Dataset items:
(* Let $f$ be a tolerance function with $0<f(K)<K$. For given $\mathbf x,\mathbf y$, let $p=\lim_{n\to\infty}P(\mathbf y\in L(\mathbf x))<1$. Then $P(\mathbf y\in I(\mathbf x,f))=0$ holds if $$\lim_{K\to\infty}\frac{f(K)\ln K}{K}<-\ln p.$$ Furthermore, if $p<0.5$, then $P(\mathbf y\in I(\mathbf x,f))=0$ holds as soon as $\lim_{K\to\infty}f(K)/K=0$. Finally, for any such $f$, $\lim_{n\to\infty}P(\mathbf y\in L(\mathbf x))=1$ implies $P(\mathbf y\in I(\mathbf x,f))=1$.
   Context: Setting: $n$ instances form the dataset $\mathcal D=\mathcal D_n$; a forest $\Theta_K$ of $K$ axis-aligned causal trees is built on $\mathcal D$, the trees independent given $\mathcal D$. $L_k(\mathbf x)$ is the leaf of tree $k$ containing $\mathbf x$, $I(\mathbf x,\theta_k)$ its box; $P(\mathbf y\in L(\mathbf x))=P(\mathbf y\in L_k(\mathbf x)\mid\mathcal D)$, same for every $k$, with the events independent across $k$. LILI with $K$ trees under tolerance function $f$: $I(\mathbf x,\Theta_K,f)=\bigcup_{s>K-f(K)}\bigcup_{1\le i_1<\cdots<i_s\le K}\bigcap_{k=1}^sI(\mathbf x,\theta_{i_k})$, i.e. $\mathbf y\in I(\mathbf x,\Theta_K,f)$ iff the number of $k$ with $\mathbf y\in L_k(\mathbf x)$ exceeds $K-f(K)$; $P(\mathbf y\in I(\mathbf x,f)):=\lim_{K\to\infty}\lim_{n\to\infty}P(\mathbf y\in I(\mathbf x,\Theta_K,f)\mid\mathcal D_n)$. *)

theory Defs
  imports "HOL-Probability.Probability"
begin

text \<open>Probability, given the data set, that y lies in the LILI interval of x built from K
  trees when each tree independently puts y into the leaf of x with probability q:
  the number of trees k < K with y in L_k(x) must exceed K - f K.\<close>
definition lili_prob :: "(nat \<Rightarrow> real) \<Rightarrow> nat \<Rightarrow> real \<Rightarrow> real" where
  "lili_prob f K q =
     measure_pmf.prob (Pi_pmf {..<K} False (\<lambda>_. bernoulli_pmf q))
       {\<omega>. real (card {k\<in>{..<K}. \<omega> k}) > real K - f K}"

text \<open>P(y in I(x,f)) = lim_K lim_n P(y in I(x,Theta_K,f) | D_n), where pn n is
  P(y in L(x) | D_n). We say this iterated limit equals c if all inner limits exist and
  the outer limit is c.\<close>
definition lili_limit_is :: "(nat \<Rightarrow> real) \<Rightarrow> (nat \<Rightarrow> real) \<Rightarrow> real \<Rightarrow> bool" where
  "lili_limit_is f pn c \<longleftrightarrow>
     (\<forall>K. convergent (\<lambda>n. lili_prob f K (pn n))) \<and>
     ((\<lambda>K. lim (\<lambda>n. lili_prob f K (pn n))) \<longlonglongrightarrow> c)"

end

theory Submission
  imports Defs "HOL-Real_Asymp.Real_Asymp"
begin

text \<open>The number of trees putting y into the leaf of x is binomially distributed, so
  P(y \<in> I(x,\<Theta>_K,f)) is a binomial upper tail. Every accepted count j exceeds K - f K,
  hence each term is at most \<open>K choose j\<close> times q powr (K - f K); bounding the number of
  binomial coefficients by K powr f K (at most K+1 of them, each at most K powr f K)
  or by 2^K gives a bound whose logarithm per tree tends to c + ln q, resp. ln (2q).
  A negative rate forces the probability to 0. For q = 0 and q = 1 the tail is exactly
  0 and 1, and the limit in n is harmless since the tail is a polynomial in q.\<close>

definition lili_counts :: "(nat \<Rightarrow> real) \<Rightarrow> nat \<Rightarrow> nat set" where
  "lili_counts f K = {j. j \<le> K \<and> real K - f K < real j}"

lemma finite_lili_counts [simp]: "finite (lili_counts f K)"
  by (simp add: lili_counts_def)

lemma lili_prob_eq_binomial_tail:
  assumes "0 \<le> q" "q \<le> 1"
  shows "lili_prob f K q = (\<Sum>j\<in>lili_counts f K. real (K choose j) * q ^ j * (1 - q) ^ (K - j))"
proof -
  let ?B = "binomial_pmf K q" and ?A = "{j::nat. real K - f K < real j}"
  have "?B = map_pmf (\<lambda>\<omega>. card {k\<in>{..<K}. \<omega> k}) (Pi_pmf {..<K} False (\<lambda>_. bernoulli_pmf q))"
    using assms by (intro binomial_pmf_altdef') auto
  then have "lili_prob f K q = measure_pmf.prob ?B ?A"
    by (simp add: lili_prob_def vimage_def)
  also have "\<dots> = measure_pmf.prob ?B (?A \<inter> set_pmf ?B)"
    by (rule measure_Int_set_pmf[symmetric])
  also have "?A \<inter> set_pmf ?B = lili_counts f K \<inter> set_pmf ?B"
    using assms by (auto simp: lili_counts_def set_pmf_binomial_eq)
  also have "measure_pmf.prob ?B \<dots> = measure_pmf.prob ?B (lili_counts f K)"
    by (rule measure_Int_set_pmf)
  also have "\<dots> = sum (pmf ?B) (lili_counts f K)"
    by (rule measure_measure_pmf_finite) simp
  finally show ?thesis
    using assms by simp
qed

lemma lili_prob_nonneg: "0 \<le> lili_prob f K q"
  by (simp add: lili_prob_def)

lemma lili_prob_at_zero:
  assumes "1 \<le> K" "f K < real K"
  shows "lili_prob f K 0 = 0"
  using assms by (auto simp: lili_prob_eq_binomial_tail lili_counts_def intro!: sum.neutral)

lemma lili_prob_at_one:
  assumes "0 < f K"
  shows "lili_prob f K 1 = 1"
proof -
  have "lili_prob f K 1 = (\<Sum>j\<in>{K}. real (K choose j) * 1 ^ j * (1 - 1) ^ (K - j))"
    unfolding lili_prob_eq_binomial_tail[OF zero_le_one order_refl]
    by (rule sum.mono_neutral_right) (use assms in \<open>auto simp: lili_counts_def\<close>)
  then show ?thesis
    by simp
qed

lemma lili_prob_le_binomial_sum:
  assumes "0 < q" "q \<le> 1"
  shows "lili_prob f K q \<le> (\<Sum>j\<in>lili_counts f K. real (K choose j)) * q powr (real K - f K)"
proof -
  have "real (K choose j) * q ^ j * (1 - q) ^ (K - j) \<le> real (K choose j) * q powr (real K - f K)"
    if "j \<in> lili_counts f K" for j
  proof -
    have "q ^ j * (1 - q) ^ (K - j) \<le> q ^ j"
      using assms by (intro mult_left_le power_le_one) auto
    also have "\<dots> = q powr real j"
      using assms by (simp add: powr_realpow)
    also have "\<dots> \<le> q powr (real K - f K)"
      using assms that by (intro powr_mono') (auto simp: lili_counts_def)
    finally show ?thesis
      by (simp add: mult.assoc mult_left_mono)
  qed
  then show ?thesis
    using assms by (simp add: lili_prob_eq_binomial_tail sum_distrib_right sum_mono)
qed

■ ABOUT THIS EXERCISE ■
Search the entries for the word "rule", then list each line that holds it.

■ RESULT OF THIS EXERCISE ■
    by (rule measure_Int_set_pmf[symmetric])
    by (rule measure_Int_set_pmf)
    by (rule measure_measure_pmf_finite) simp
    by (rule sum.mono_neutral_right) (use assms in \<open>auto simp: lili_counts_def\<close>)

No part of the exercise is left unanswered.